**What you have to do:** Among the lines below, restate word for word only those from the line with "by (simp add: T_def is_base_iff_tight)" through the line with "using S[OF that]", with both end lines kept.

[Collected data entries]
-=-=-=-=-

(* Let $M=(E,r)$ be a polymatroid, fix a total order on $E$, and let $t\ge0$ be an integer. For each base $f$ of $M$ let $A(f)\subseteq E$ be the set of elements internally active with respect to $f$. Then the sets $\big(f+t\nabla_{A(f)}\big)\cap\mathbb Z^E$, for $f$ ranging over the bases of $M$, are pairwise disjoint and their union is $(P(M)+t\nabla)\cap\mathbb Z^E$. Here $f+t\nabla_{A(f)}$ has dimension $|A(f)|-1=|E|-1-\bar\iota(f)$, where $\bar\iota(f)=|E\setminus A(f)|$.
   Context: A polymatroid $M=(E,r)$ is a function $r:2^E\to\mathbb Z_{\ge0}$ with $r(\emptyset)=0$, $r$ monotone, and $r(X\cup Y)+r(X\cap Y)\le r(X)+r(Y)$. Its bases are the $\mathbf x\in\mathbb Z^E$ with $\sum_{i\in E}x_i=r(E)$ and $\sum_{i\in S}x_i\le r(S)$ for all $S$; $P(M)$ is their convex hull. For nonempty $S\subseteq E$, $\nabla_S=\operatorname{conv}\{-\mathbf e_i:i\in S\}$ and $\nabla=\nabla_E$. A transfer from $u_1$ to $u_2$ is possible in a base $f$ if $f-\mathbf e_{u_1}+\mathbf e_{u_2}$ is again a base. An element $u$ is internally active with respect to $f$ if no transfer is possible in $f$ from $u$ to a smaller element of $E$ (in particular, the smallest element and every $u$ with $f_u=0$ are internally active). *)

theory Defs
  imports "HOL-Analysis.Analysis"
begin

text \<open>Ground set E is the finite type 'a (E = UNIV), totally ordered by its linorder.
  Integer points of Z^E are int ^ 'a, real points are real ^ 'a.\<close>

definition polymatroid :: "('a::finite set \<Rightarrow> int) \<Rightarrow> bool" where
  "polymatroid r \<longleftrightarrow> r {} = 0 \<and> (\<forall>X. 0 \<le> r X) \<and> (\<forall>X Y. X \<subseteq> Y \<longrightarrow> r X \<le> r Y)
     \<and> (\<forall>X Y. r (X \<union> Y) + r (X \<inter> Y) \<le> r X + r Y)"

definition is_base :: "('a::finite set \<Rightarrow> int) \<Rightarrow> int ^ 'a \<Rightarrow> bool" where
  "is_base r x \<longleftrightarrow> (\<Sum>i\<in>UNIV. x $ i) = r UNIV \<and> (\<forall>S. (\<Sum>i\<in>S. x $ i) \<le> r S)"

definition real_vec :: "int ^ 'a \<Rightarrow> real ^ 'a" where
  "real_vec x = (\<chi> i. real_of_int (x $ i))"

definition base_polytope :: "('a::finite set \<Rightarrow> int) \<Rightarrow> (real ^ 'a) set" where
  "base_polytope r = convex hull (real_vec ` {x. is_base r x})"

definition nabla :: "'a::finite set \<Rightarrow> (real ^ 'a) set" where
  "nabla S = convex hull ((\<lambda>i. - axis i 1) ` S)"

definition transfer_possible :: "('a::finite set \<Rightarrow> int) \<Rightarrow> int ^ 'a \<Rightarrow> 'a \<Rightarrow> 'a \<Rightarrow> bool" where
  "transfer_possible r f u1 u2 \<longleftrightarrow> is_base r (f - axis u1 1 + axis u2 1)"

definition internally_active :: "('a set \<Rightarrow> int) \<Rightarrow> int ^ ('a::{finite,linorder}) \<Rightarrow> 'a \<Rightarrow> bool" where
  "internally_active r f u \<longleftrightarrow> \<not> (\<exists>v. v < u \<and> transfer_possible r f u v)"

definition active_set :: "('a set \<Rightarrow> int) \<Rightarrow> int ^ ('a::{finite,linorder}) \<Rightarrow> 'a set" where
  "active_set r f = {u. internally_active r f u}"

end

theory Submission
  imports Defs
begin

text \<open>
  An integer point x lies in
  P(M) + t\<nabla> iff x(S) \<le> r(S) for all S and x(E) = r(E) - t, and it lies in the cell of the
  base f iff f \<ge> x and f exceeds x only at elements internally active for f. Such an f
  exists: x lies below some base, since the sets tight for a feasible vector are closed under
  union and intersection; among the bases above x take one maximising a potential that rewards
  mass on small elements, so that no unit can be transferred from a decreased element to a
  smaller one. It is unique: if g and f are two such bases and m is the first coordinate where
  they differ, say g(m) < f(m), the exchange property yields v with f(v) < g(v) such that
  g - e(v) + e(m) is a base. Then v > m and x(v) < g(v), so v is not internally active for g.
\<close>

definition submodular :: "('a set \<Rightarrow> int) \<Rightarrow> bool" where
  "submodular r \<longleftrightarrow> (\<forall>X Y. r (X \<union> Y) + r (X \<inter> Y) \<le> r X + r Y)"

lemma polymatroid_imp_submodular: "polymatroid r \<Longrightarrow> submodular r"
  by (simp add: polymatroid_def submodular_def)

definition rank_bounded :: "('a::finite set \<Rightarrow> int) \<Rightarrow> int ^ 'a \<Rightarrow> bool" where
  "rank_bounded r y \<longleftrightarrow> (\<forall>S. (\<Sum>i\<in>S. y $ i) \<le> r S)"

definition tight :: "('a::finite set \<Rightarrow> int) \<Rightarrow> int ^ 'a \<Rightarrow> 'a set \<Rightarrow> bool" where
  "tight r y S \<longleftrightarrow> (\<Sum>i\<in>S. y $ i) = r S"

lemma is_base_iff_tight: "is_base r f \<longleftrightarrow> rank_bounded r f \<and> tight r f UNIV"
  by (auto simp: is_base_def rank_bounded_def tight_def)

lemma tight_Un_Int:
  assumes "submodular r" "rank_bounded r y" "tight r y A" "tight r y B"
  shows "tight r y (A \<union> B) \<and> tight r y (A \<inter> B)"
proof -
  have "(\<Sum>i\<in>A \<union> B. y $ i) + (\<Sum>i\<in>A \<inter> B. y $ i) = (\<Sum>i\<in>A. y $ i) + (\<Sum>i\<in>B. y $ i)"
    by (rule sum.union_inter) auto
  moreover have "(\<Sum>i\<in>A \<union> B. y $ i) \<le> r (A \<union> B)" "(\<Sum>i\<in>A \<inter> B. y $ i) \<le> r (A \<inter> B)"
    using assms(2) by (auto simp: rank_bounded_def)
  moreover have "r (A \<union> B) + r (A \<inter> B) \<le> r A + r B"
    using assms(1) by (simp add: submodular_def)
  ultimately show ?thesis
    using assms(3,4) unfolding tight_def by linarith
qed

lemma tight_Inter_Union:
  assumes "submodular r" "rank_bounded r y" "finite \<F>" "\<F> \<noteq> {}" "\<forall>S\<in>\<F>. tight r y S"
  shows "tight r y (\<Inter>\<F>) \<and> tight r y (\<Union>\<F>)"
  using assms(3-5)
  by (induction \<F> rule: finite_ne_induct) (simp_all add: tight_Un_Int[OF assms(1,2)])

lemma sum_mult_axis: "(\<Sum>j\<in>S. c j * axis u (1::'b::comm_ring_1) $ j) = (if u \<in> S then c u else 0)"
  by (simp add: axis_def if_distrib cong: if_cong)

lemma sum_axis: "(\<Sum>j\<in>S. axis u (1::'b::comm_ring_1) $ j) = (if u \<in> S then 1 else 0)"
  by (simp add: axis_def cong: if_cong)

lemma sum_mult_transfer:
  fixes f :: "'b::comm_ring_1 ^ 'a::finite"
  shows "(\<Sum>j\<in>S. c j * (f - axis u 1 + axis v 1) $ j)
    = (\<Sum>j\<in>S. c j * f $ j) - (if u \<in> S then c u else 0) + (if v \<in> S then c v else 0)"
  by (simp add: right_diff_distrib distrib_left sum.distrib sum_subtractf sum_mult_axis)

lemma sum_transfer:
  fixes f :: "'b::comm_ring_1 ^ 'a::finite"
  shows "(\<Sum>j\<in>S. (f - axis u 1 + axis v 1) $ j)
    = (\<Sum>j\<in>S. f $ j) - (if u \<in> S then 1 else 0) + (if v \<in> S then 1 else 0)"
  by (simp add: sum.distrib sum_subtractf sum_axis)

lemma sum_add_axis:
  fixes f :: "'b::comm_ring_1 ^ 'a::finite"
  shows "(\<Sum>j\<in>S. (f + axis v 1) $ j) = (\<Sum>j\<in>S. f $ j) + (if v \<in> S then 1 else 0)"
  by (simp add: sum.distrib sum_axis)

lemma tight_set_blocking_transfer:
  assumes "is_base r g" "\<not> is_base r (g - axis v 1 + axis u 1)"
  shows "\<exists>S. u \<in> S \<and> v \<notin> S \<and> tight r g S"
proof -
  have "(\<Sum>i\<in>UNIV. (g - axis v 1 + axis u 1) $ i) = r UNIV"
    using assms(1) sum_transfer[of g v u UNIV] by (simp add: is_base_def)
  then obtain S where S: "r S < (\<Sum>i\<in>S. (g - axis v 1 + axis u 1) $ i)"
    using assms(2) by (auto simp: is_base_def not_le)
  moreover have "(\<Sum>i\<in>S. g $ i) \<le> r S"
    using assms(1) by (simp add: is_base_def)
  ultimately show ?thesis
    using sum_transfer[of g v u S] by (intro exI[of _ S]) (auto simp: tight_def split: if_splits)
qed

lemma tight_set_blocking_increase:
  assumes "rank_bounded r y" "\<not> rank_bounded r (y + axis i 1)"
  shows "\<exists>S. i \<in> S \<and> tight r y S"
proof -
  obtain S where "r S < (\<Sum>j\<in>S. (y + axis i 1) $ j)"
    using assms(2) by (auto simp: rank_bounded_def not_le)
  moreover have "(\<Sum>j\<in>S. y $ j) \<le> r S"
    using assms(1) by (simp add: rank_bounded_def)
  ultimately show ?thesis
    using sum_add_axis[of y i S] by (intro exI[of _ S]) (auto simp: tight_def split: if_splits)
qed

lemma base_exchange:
  assumes "submodular r" "is_base r f" "is_base r g" "g $ u < f $ u"
  shows "\<exists>v. f $ v < g $ v \<and> is_base r (g - axis v 1 + axis u 1)"
proof (rule ccontr)
  assume no_exchange: "\<not> ?thesis"
  define V where "V = {v. f $ v < g $ v}"
  have "\<forall>v\<in>V. \<exists>S. u \<in> S \<and> v \<notin> S \<and> tight r g S"
    using tight_set_blocking_transfer[OF assms(3)] no_exchange by (simp add: V_def)
  then obtain S where S: "\<And>v. v \<in> V \<Longrightarrow> u \<in> S v \<and> v \<notin> S v \<and> tight r g (S v)"
    by metis
  \<comment> \<open>\<open>UNIV\<close> keeps the family nonempty when \<open>V = {}\<close>.\<close>
  define T where "T = \<Inter> (insert UNIV (S ` V))"
  have "tight r g T"
    using tight_Inter_Union[OF assms(1), of g "insert UNIV (S ` V)"] S assms(3)
    by (simp add: T_def is_base_iff_tight)
  moreover have "(\<Sum>i\<in>T. g $ i) < (\<Sum>i\<in>T. f $ i)"
  proof (rule sum_strict_mono_ex1)
    have "i \<notin> T" if "i \<in> V" for i
      using S[OF that] that by (auto simp: T_def)
    then show "\<forall>i\<in>T. g $ i \<le> f $ i"
      unfolding V_def by (meson mem_Collect_eq not_le)
    show "\<exists>i\<in>T. g $ i < f $ i"
      using S assms(4) by (auto simp: T_def)
  qed simp
  moreover have "(\<Sum>i\<in>T. f $ i) \<le> r T"
    using assms(2) by (simp add: is_base_def)
  ultimately show False
    by (simp add: tight_def)
qed

lemma rank_bounded_increase:
  assumes "submodular r" "rank_bounded r y" "(\<Sum>i\<in>UNIV. y $ i) < r UNIV"
  shows "\<exists>i. rank_bounded r (y + axis i 1)"
proof (rule ccontr)
  assume "\<not> ?thesis"
  then obtain S where S: "\<And>i. i \<in> S i \<and> tight r y (S i)"
    using tight_set_blocking_increase[OF assms(2)] by metis
  then have "tight r y (\<Union> (range S))"
    using tight_Inter_Union[OF assms(1,2), of "range S"] by simp
  moreover have "\<Union> (range S) = UNIV"
    using S by blast
  ultimately show False
    using assms(3) by (simp add: tight_def)
qed

lemma rank_bounded_le_base:
  assumes "submodular r" "rank_bounded r y"
  shows "\<exists>f. is_base r f \<and> (\<forall>i. y $ i \<le> f $ i)"
proof -
  obtain n where "r UNIV - (\<Sum>i\<in>UNIV. y $ i) = int n"
    using assms(2) by (metis rank_bounded_def diff_ge_0_iff_ge zero_le_imp_eq_int)
  with assms(2) show ?thesis
  proof (induction n arbitrary: y)
    case 0
    then show ?case
      by (auto simp: is_base_def rank_bounded_def)
  next
    case (Suc n)
    then obtain i where "rank_bounded r (y + axis i 1)"
      using rank_bounded_increase[OF assms(1)] by fastforce
    moreover have "r UNIV - (\<Sum>j\<in>UNIV. (y + axis i 1) $ j) = int n"
      using Suc.prems(2) sum_add_axis[of y i UNIV] by simp
    ultimately obtain f where "is_base r f" "\<forall>j. (y + axis i 1) $ j \<le> f $ j"
      using Suc.IH by blast
    moreover have "y $ j \<le> (y + axis i 1) $ j" for j
      by (simp add: axis_def)
    ultimately show ?case
      by (meson order_trans)
  qed
qed

definition active_dominates ::
    "('a::{finite,linorder} set \<Rightarrow> int) \<Rightarrow> (int, 'a) vec \<Rightarrow> (int, 'a) vec \<Rightarrow> bool" where
  "active_dominates r f x \<longleftrightarrow>
     is_base r f \<and> (\<forall>i. x $ i \<le> f $ i) \<and> (\<forall>i. x $ i < f $ i \<longrightarrow> i \<in> active_set r f)"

-=-=-=-=-

**Your response:**
    by (simp add: T_def is_base_iff_tight)
  moreover have "(\<Sum>i\<in>T. g $ i) < (\<Sum>i\<in>T. f $ i)"
  proof (rule sum_strict_mono_ex1)
    have "i \<notin> T" if "i \<in> V" for i
      using S[OF that] that by (auto simp: T_def)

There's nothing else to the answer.